_What is expected:_ After locating the line that contains "unfolding exp_iid_space_def" in the records below, write out exactly that line and each line after it through the one that contains "(exp_iid_space t) ?E \<le>", and nothing else.

_Entries supplied:_
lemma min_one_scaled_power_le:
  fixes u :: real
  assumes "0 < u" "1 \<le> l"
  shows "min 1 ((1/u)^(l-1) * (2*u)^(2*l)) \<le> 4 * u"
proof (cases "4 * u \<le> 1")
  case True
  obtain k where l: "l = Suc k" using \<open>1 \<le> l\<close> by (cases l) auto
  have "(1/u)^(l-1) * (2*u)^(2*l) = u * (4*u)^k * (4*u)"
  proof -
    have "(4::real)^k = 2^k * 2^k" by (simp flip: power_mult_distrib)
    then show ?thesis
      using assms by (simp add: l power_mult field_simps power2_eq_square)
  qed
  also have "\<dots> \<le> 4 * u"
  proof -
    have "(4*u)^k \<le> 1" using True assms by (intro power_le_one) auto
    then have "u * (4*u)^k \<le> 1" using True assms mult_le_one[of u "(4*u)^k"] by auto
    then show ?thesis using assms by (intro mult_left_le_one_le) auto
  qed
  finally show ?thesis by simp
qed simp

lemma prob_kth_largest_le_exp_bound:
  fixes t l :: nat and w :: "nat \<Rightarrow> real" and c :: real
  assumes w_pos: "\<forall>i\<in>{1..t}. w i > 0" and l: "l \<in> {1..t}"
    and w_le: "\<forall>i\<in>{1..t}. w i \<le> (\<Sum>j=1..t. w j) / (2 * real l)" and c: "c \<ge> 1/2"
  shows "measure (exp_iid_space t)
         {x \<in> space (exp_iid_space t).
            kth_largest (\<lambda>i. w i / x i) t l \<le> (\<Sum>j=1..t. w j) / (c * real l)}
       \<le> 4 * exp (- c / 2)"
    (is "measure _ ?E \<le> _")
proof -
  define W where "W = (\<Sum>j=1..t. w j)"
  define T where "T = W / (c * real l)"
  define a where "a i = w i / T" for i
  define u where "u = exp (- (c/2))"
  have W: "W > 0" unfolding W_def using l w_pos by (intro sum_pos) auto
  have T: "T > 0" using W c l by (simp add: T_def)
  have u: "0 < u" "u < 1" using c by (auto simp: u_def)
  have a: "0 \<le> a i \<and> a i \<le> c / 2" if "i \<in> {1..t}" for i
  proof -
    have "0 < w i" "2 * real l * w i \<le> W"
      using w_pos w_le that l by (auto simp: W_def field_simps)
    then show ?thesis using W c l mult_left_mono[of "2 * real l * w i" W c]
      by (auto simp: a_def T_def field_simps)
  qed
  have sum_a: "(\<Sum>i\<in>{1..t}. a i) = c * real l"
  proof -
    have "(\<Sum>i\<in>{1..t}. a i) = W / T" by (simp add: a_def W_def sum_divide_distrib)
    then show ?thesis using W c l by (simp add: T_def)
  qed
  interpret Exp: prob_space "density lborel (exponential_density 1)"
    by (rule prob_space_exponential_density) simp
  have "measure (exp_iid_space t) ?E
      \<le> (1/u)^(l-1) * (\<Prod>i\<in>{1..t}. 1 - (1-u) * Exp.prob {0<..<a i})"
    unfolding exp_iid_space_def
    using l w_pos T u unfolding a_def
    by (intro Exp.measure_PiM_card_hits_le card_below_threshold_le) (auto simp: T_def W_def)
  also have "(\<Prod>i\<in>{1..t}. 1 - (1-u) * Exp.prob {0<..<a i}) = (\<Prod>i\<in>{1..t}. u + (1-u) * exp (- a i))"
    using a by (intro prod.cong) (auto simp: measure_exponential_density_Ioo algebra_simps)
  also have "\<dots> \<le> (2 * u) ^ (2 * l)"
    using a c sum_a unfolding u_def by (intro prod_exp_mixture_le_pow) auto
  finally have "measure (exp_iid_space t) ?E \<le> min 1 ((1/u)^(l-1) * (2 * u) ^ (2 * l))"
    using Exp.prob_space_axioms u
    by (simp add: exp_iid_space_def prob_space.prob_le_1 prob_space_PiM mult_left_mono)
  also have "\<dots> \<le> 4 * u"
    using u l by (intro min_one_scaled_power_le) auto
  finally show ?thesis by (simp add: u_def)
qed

_Answer to the problem:_
    unfolding exp_iid_space_def
    using l w_pos T u unfolding a_def
    by (intro Exp.measure_PiM_card_hits_le card_below_threshold_le) (auto simp: T_def W_def)
  also have "(\<Prod>i\<in>{1..t}. 1 - (1-u) * Exp.prob {0<..<a i}) = (\<Prod>i\<in>{1..t}. u + (1-u) * exp (- a i))"
    using a by (intro prod.cong) (auto simp: measure_exponential_density_Ioo algebra_simps)
  also have "\<dots> \<le> (2 * u) ^ (2 * l)"
    using a c sum_a unfolding u_def by (intro prod_exp_mixture_le_pow) auto
  finally have "measure (exp_iid_space t) ?E \<le> min 1 ((1/u)^(l-1) * (2 * u) ^ (2 * l))"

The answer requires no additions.